_EXERCISE INSTRUCTIONS_
In the lines below, the string "Longrightarrow" may appear; say how many lines hold it and give nothing more.
[Opening STUDY MATERIAL section]
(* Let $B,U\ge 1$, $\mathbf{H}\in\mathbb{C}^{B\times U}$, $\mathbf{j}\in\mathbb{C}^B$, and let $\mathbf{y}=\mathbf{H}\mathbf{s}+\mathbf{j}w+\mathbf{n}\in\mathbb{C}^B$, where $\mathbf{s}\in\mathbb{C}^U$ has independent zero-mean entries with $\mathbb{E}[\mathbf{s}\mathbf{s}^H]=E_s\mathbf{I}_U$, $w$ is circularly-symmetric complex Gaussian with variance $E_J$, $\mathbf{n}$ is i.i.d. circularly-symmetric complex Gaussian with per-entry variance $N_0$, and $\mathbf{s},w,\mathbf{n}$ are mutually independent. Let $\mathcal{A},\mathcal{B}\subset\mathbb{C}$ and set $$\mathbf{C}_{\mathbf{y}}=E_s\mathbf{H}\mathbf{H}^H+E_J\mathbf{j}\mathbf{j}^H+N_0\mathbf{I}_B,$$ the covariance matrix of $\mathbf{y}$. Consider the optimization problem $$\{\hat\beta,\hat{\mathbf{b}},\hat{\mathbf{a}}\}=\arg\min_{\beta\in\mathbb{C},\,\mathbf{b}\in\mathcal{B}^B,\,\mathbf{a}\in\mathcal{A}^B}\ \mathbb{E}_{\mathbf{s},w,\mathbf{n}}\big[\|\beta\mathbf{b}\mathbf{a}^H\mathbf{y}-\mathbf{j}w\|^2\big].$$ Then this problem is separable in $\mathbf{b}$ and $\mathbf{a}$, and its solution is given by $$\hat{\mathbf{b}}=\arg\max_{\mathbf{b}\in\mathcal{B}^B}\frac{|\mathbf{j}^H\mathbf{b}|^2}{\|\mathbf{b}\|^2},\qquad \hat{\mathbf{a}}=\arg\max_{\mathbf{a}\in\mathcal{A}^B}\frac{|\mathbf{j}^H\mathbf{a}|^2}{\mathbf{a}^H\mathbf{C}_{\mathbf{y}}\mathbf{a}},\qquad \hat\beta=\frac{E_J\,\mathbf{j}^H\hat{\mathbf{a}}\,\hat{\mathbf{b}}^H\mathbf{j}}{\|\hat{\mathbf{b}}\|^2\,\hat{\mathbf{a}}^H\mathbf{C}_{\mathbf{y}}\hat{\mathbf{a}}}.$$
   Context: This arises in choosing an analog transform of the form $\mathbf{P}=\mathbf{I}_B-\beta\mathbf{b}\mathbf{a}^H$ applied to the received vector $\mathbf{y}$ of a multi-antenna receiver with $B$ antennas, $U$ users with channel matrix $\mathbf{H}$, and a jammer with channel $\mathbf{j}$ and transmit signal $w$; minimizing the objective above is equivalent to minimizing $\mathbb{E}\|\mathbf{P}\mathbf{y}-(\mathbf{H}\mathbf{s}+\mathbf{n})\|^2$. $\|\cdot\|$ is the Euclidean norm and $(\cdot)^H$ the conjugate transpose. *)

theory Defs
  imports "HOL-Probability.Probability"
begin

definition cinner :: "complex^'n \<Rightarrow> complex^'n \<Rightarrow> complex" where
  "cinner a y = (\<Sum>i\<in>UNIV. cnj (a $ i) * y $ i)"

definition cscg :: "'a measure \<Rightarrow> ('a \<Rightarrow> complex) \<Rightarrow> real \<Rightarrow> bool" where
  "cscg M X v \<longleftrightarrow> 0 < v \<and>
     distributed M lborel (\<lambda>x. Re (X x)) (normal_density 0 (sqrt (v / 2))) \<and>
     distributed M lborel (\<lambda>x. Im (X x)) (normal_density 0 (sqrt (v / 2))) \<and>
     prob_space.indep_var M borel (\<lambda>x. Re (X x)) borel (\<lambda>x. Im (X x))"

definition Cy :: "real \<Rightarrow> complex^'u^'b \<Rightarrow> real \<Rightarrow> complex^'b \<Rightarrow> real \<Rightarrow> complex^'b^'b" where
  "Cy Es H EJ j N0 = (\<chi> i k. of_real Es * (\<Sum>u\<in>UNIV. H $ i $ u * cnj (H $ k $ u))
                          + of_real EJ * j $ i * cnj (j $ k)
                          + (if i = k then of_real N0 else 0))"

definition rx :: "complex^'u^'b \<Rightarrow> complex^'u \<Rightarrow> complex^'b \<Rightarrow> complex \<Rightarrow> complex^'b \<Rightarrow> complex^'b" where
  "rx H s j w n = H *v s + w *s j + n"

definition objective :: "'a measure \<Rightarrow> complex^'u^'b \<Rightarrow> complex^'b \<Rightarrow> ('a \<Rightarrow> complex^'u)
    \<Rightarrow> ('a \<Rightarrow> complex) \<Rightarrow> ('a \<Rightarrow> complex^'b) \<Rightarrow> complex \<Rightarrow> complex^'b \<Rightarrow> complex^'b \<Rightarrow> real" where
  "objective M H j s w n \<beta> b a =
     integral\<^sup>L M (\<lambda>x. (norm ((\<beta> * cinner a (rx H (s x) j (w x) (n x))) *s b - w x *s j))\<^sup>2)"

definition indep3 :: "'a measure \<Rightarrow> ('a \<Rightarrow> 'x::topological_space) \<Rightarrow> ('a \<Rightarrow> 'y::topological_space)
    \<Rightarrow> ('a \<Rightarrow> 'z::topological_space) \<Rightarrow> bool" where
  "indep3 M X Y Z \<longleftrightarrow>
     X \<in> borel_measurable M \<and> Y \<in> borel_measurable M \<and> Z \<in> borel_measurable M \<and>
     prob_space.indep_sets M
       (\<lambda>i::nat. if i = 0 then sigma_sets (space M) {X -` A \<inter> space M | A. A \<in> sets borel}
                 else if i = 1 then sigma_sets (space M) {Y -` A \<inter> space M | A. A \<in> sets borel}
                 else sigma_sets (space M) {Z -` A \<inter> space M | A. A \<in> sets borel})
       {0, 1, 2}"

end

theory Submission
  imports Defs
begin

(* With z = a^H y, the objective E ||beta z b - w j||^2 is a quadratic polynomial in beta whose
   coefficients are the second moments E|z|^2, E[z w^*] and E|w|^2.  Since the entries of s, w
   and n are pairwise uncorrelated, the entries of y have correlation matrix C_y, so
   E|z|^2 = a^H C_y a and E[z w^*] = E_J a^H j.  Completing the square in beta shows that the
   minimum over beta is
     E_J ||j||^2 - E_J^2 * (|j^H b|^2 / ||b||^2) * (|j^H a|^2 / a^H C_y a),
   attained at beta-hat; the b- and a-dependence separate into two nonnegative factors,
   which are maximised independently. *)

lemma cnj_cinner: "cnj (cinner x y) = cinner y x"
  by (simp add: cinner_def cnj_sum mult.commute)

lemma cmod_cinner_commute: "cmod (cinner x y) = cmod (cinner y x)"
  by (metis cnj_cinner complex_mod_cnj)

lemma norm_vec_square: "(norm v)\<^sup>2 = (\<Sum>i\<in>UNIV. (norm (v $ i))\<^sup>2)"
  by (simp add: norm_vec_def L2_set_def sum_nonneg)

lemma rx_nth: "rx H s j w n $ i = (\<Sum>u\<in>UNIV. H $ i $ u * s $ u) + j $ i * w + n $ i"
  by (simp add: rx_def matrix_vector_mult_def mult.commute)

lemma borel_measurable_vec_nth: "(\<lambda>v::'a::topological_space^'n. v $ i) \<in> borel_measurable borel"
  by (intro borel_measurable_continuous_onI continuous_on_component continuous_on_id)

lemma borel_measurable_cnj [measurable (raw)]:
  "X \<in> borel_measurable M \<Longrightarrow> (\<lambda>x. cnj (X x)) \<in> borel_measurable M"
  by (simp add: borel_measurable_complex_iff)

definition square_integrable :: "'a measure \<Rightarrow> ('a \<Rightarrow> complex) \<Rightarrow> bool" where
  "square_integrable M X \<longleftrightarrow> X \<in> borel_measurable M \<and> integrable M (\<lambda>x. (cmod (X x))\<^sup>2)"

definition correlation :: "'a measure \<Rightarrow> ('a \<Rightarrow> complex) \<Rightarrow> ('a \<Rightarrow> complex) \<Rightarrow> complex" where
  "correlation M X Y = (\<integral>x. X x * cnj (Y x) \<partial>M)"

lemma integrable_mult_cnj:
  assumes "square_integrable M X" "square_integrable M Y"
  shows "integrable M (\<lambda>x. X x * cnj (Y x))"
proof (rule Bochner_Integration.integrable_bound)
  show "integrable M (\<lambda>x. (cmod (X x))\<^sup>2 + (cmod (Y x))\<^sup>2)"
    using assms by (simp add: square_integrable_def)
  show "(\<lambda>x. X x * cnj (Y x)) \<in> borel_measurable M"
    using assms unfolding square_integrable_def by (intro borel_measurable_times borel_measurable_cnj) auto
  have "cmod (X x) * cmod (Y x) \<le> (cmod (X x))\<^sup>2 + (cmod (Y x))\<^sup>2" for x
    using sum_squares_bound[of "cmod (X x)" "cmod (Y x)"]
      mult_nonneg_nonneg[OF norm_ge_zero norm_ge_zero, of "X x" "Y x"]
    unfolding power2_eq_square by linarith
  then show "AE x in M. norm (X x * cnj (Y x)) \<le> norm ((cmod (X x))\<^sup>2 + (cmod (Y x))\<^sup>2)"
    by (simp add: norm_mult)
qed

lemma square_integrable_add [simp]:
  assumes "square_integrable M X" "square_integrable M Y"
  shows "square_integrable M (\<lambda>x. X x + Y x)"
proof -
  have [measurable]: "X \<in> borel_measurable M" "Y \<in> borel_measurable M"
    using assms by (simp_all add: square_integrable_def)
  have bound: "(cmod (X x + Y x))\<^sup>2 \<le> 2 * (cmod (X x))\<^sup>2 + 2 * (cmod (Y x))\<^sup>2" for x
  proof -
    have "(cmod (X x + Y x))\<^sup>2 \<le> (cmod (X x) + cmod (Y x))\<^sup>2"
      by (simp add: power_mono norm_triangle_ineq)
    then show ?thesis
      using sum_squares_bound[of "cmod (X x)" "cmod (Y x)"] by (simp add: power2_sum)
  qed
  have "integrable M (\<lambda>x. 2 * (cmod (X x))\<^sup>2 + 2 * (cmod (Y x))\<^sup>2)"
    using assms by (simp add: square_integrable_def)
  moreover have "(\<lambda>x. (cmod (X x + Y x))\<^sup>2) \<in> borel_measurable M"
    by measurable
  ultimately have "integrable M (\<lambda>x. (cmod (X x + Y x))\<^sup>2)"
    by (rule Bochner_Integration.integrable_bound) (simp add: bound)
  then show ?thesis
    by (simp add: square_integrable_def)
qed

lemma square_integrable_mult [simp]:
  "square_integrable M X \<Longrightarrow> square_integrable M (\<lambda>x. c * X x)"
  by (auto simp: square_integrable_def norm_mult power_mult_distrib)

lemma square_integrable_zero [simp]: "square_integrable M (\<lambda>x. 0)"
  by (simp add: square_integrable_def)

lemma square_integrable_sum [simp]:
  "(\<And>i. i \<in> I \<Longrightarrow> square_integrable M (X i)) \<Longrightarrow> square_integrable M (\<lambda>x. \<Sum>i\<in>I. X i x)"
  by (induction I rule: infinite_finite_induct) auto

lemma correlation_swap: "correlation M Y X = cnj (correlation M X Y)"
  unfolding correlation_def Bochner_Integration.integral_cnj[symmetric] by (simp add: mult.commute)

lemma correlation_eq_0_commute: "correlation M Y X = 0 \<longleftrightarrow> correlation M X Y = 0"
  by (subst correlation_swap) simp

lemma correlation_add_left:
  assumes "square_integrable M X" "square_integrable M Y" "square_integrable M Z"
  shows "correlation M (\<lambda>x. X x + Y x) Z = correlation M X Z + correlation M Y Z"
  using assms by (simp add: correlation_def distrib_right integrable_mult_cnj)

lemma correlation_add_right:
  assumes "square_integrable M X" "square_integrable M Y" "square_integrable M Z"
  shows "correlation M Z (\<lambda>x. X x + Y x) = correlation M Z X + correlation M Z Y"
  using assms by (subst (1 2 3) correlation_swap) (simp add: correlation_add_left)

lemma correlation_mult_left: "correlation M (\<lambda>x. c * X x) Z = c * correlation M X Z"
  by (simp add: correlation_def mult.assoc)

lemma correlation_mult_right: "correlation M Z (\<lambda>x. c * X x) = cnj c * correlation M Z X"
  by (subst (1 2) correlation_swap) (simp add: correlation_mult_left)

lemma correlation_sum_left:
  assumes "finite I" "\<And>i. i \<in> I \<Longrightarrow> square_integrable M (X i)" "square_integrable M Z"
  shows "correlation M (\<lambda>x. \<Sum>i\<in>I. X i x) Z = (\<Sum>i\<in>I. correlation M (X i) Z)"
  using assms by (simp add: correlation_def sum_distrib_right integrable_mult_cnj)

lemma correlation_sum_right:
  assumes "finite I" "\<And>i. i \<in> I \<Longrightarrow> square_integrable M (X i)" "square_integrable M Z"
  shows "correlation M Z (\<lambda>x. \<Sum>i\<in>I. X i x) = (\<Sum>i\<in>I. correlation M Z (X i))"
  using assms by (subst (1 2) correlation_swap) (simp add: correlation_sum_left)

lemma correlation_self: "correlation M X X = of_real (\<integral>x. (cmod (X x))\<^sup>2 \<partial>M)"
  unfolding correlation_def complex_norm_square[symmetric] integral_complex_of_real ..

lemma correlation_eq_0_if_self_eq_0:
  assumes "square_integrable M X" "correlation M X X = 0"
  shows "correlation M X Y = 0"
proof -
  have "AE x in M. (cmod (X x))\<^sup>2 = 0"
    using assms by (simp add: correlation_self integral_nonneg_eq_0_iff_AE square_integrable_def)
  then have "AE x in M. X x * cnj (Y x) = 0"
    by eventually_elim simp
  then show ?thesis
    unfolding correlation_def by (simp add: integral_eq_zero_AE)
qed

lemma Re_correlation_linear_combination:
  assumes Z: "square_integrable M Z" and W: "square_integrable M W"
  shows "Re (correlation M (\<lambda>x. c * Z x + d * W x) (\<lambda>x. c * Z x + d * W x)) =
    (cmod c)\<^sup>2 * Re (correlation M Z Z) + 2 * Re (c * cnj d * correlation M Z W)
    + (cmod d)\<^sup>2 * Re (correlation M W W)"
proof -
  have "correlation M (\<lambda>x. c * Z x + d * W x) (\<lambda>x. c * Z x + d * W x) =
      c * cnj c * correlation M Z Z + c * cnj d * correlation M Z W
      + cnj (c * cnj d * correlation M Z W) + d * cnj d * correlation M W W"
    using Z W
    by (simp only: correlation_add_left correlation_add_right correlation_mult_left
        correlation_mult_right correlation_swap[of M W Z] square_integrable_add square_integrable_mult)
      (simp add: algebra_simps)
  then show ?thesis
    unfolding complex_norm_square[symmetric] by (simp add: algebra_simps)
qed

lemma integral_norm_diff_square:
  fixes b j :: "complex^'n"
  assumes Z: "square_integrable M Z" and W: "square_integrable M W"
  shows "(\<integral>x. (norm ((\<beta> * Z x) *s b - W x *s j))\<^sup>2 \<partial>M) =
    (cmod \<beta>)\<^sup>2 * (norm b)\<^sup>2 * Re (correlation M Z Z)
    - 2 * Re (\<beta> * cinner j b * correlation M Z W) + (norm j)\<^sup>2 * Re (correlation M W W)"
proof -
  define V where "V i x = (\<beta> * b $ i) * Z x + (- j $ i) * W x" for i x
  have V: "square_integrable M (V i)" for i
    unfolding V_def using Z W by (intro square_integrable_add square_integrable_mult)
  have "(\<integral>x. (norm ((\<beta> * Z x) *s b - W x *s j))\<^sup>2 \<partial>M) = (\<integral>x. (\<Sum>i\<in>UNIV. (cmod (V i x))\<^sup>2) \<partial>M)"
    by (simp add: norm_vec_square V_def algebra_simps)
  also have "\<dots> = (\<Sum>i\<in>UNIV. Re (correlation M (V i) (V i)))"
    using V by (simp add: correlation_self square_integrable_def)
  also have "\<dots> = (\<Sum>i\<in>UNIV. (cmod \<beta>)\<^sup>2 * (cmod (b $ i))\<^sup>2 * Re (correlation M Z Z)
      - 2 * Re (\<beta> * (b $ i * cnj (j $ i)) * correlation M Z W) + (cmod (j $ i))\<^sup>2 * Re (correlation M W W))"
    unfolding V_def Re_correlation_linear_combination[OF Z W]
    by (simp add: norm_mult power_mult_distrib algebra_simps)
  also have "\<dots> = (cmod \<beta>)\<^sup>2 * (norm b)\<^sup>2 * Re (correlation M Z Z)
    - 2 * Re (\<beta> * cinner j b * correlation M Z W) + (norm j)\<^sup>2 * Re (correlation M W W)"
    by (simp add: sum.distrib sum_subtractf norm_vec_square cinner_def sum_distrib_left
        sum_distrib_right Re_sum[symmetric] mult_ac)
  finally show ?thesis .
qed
[Closing STUDY MATERIAL section]
_TASK RESULT_
5